MRPL, which was a joint sector company, became a public-sector undertaking after the acquisition of a majority of its shares by ONGC. As of June 2020, 71.63% shares were held by ONGC, 16.95% shares were held by Hindustan Petroleum Corporation Limited (HPCL), and the remaining shares were held by financial institutions and the general public. MRPL has been declared a Miniratna (mini jewel), by the Government of India in 2007.

Before its acquisition by ONGC in March 2003, MRPL was a joint venture oil refinery promoted by HPCL, a public sector company and IRIL & associates (AV Birla Group). MRPL was set up in 1988 with an initial processing capacity of 3.0 million metric tonnes per annum which was later expanded to the present capacity of 15 million metric tonnes per annum.

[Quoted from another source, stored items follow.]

(* Let $\Psi$ be a declarative context and $A, B, C$ types with $\Psi \vdash A\ \mathsf{type}$, $\Psi \vdash B\ \mathsf{type}$ and $\Psi \vdash C\ \mathsf{type}$. If $\Psi \vdash A \le^{\pm} B$ and $\Psi \vdash B \le^{\pm} C$ (same polarity $\pm$), then $\Psi \vdash A \le^{\pm} C$.
   Context: Sorts are $\kappa \in \{\mathsf{type}, \mathbb{N}\}$. Index terms/monotypes $\tau, t$ are built from $\mathbf{1}$, universal variables $\alpha$, binary connectives $\tau_1 \oplus \tau_2$ with $\oplus \in \{\to, +, \times\}$ (sort $\mathsf{type}$), and $\mathsf{zero}$, $\mathsf{succ}(t)$ (sort $\mathbb{N}$); $\Psi \vdash t : \kappa$ means $t$ has sort $\kappa$ with its variables declared in $\Psi$. Types are $A, B, C ::= \mathbf{1} \mid \alpha \mid A \oplus B \mid \forall \alpha{:}\kappa.\,A \mid \exists \alpha{:}\kappa.\,A \mid P \supset A \mid A \wedge P \mid \mathsf{Vec}\ t\ A$ with propositions $P ::= t = t'$. A declarative context $\Psi$ is a list of declarations including universal variables $\alpha:\kappa$; $\Psi \vdash A\ \mathsf{type}$ means all free variables of $A$ are declared in $\Psi$ at appropriate sorts. A type is positive if headed by $\exists$, negative if headed by $\forall$; nonpos = not positive, nonneg = not negative. Declarative subtyping $\Psi \vdash A \le^{\pm} B$ is inductively defined by: (Refl) if $\Psi \vdash A\ \mathsf{type}$ and $A$ is nonpos and nonneg then $\Psi \vdash A \le^{\pm} A$; ($\forall$L) $\Psi \vdash \tau : \kappa$ and $\Psi \vdash [\tau/\alpha]A \le^- B$ give $\Psi \vdash \forall\alpha{:}\kappa.A \le^- B$; ($\forall$R) $\Psi, \beta{:}\kappa \vdash A \le^- B$ gives $\Psi \vdash A \le^- \forall\beta{:}\kappa.B$; ($\exists$L) $\Psi, \alpha{:}\kappa \vdash A \le^+ B$ gives $\Psi \vdash \exists\alpha{:}\kappa.A \le^+ B$; ($\exists$R) $\Psi \vdash \tau:\kappa$ and $\Psi \vdash A \le^+ [\tau/\beta]B$ give $\Psi \vdash A \le^+ \exists\beta{:}\kappa.B$; ($-{+}$) $\Psi \vdash A \le^- B$ with $A,B$ nonpos gives $\Psi \vdash A \le^+ B$; ($+{-}$) $\Psi \vdash A \le^+ B$ with $A,B$ nonneg gives $\Psi \vdash A \le^- B$. *)

theory Defs
  imports Main
begin

text \<open>Locally de Bruijn representation of the declarative system.
  Type variables are de Bruijn indices counting universal declarations
  from the right end (most recent declaration = index 0) of the context.\<close>

datatype sort = SType | SNat

datatype binop = Arrow | Sum | Prod

text \<open>Types, monotypes and index terms share one syntax (as in the paper,
  monotypes/index terms are a sublanguage; which expressions are index terms
  of which sort is determined by the sorting judgment).\<close>
datatype ty =
    Unit
  | TVar nat
  | Bin binop ty ty
  | All sort ty
  | Ex sort ty
  | Impl prp ty
  | With ty prp
  | Vec ty ty
  | Zero
  | Succ ty
and prp = PEq ty ty

datatype decl = DUniv sort | DVar string ty

type_synonym ctx = "decl list"

fun ulookup :: "ctx \<Rightarrow> nat \<Rightarrow> sort option" where
  "ulookup [] n = None"
| "ulookup (DUniv k # \<Psi>) 0 = Some k"
| "ulookup (DUniv k # \<Psi>) (Suc n) = ulookup \<Psi> n"
| "ulookup (DVar x A # \<Psi>) n = ulookup \<Psi> n"

fun lift :: "nat \<Rightarrow> ty \<Rightarrow> ty" and lift_prop :: "nat \<Rightarrow> prp \<Rightarrow> prp" where
  "lift c Unit = Unit"
| "lift c (TVar n) = TVar (if n < c then n else Suc n)"
| "lift c (Bin op A B) = Bin op (lift c A) (lift c B)"
| "lift c (All k A) = All k (lift (Suc c) A)"
| "lift c (Ex k A) = Ex k (lift (Suc c) A)"
| "lift c (Impl P A) = Impl (lift_prop c P) (lift c A)"
| "lift c (With A P) = With (lift c A) (lift_prop c P)"
| "lift c (Vec t A) = Vec (lift c t) (lift c A)"
| "lift c Zero = Zero"
| "lift c (Succ t) = Succ (lift c t)"
| "lift_prop c (PEq t t') = PEq (lift c t) (lift c t')"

The refinery was conceived to maximise middle distillates, with the capability to process light to heavy and sour to sweet crudes with 24 to 46 API gravity. On 28 March 2003, ONGC acquired A.V. Birla Group's stake and further infused equity capital of ₹600 crores, making MRPL a majority-held subsidiary of ONGC. The lenders also agreed to the debt restructuring package (DRP) proposed by ONGC, which included, inter alia, conversion of up to ₹3,65,54,884 of the company's loans into equity. Subsequently, ONGC acquired the equity allotted to the lenders under the DRP, raising ONGC's holding in MRPL to 71.63%.

On 30 August 2018, MRPL was approved a merger with HPCL by ONGC.

==See also==

- Oil and Natural Gas Corporation
- List of oil refineries in India
- Economy of Mangalore
- Mangalore Special Economic Zone (MSEZ)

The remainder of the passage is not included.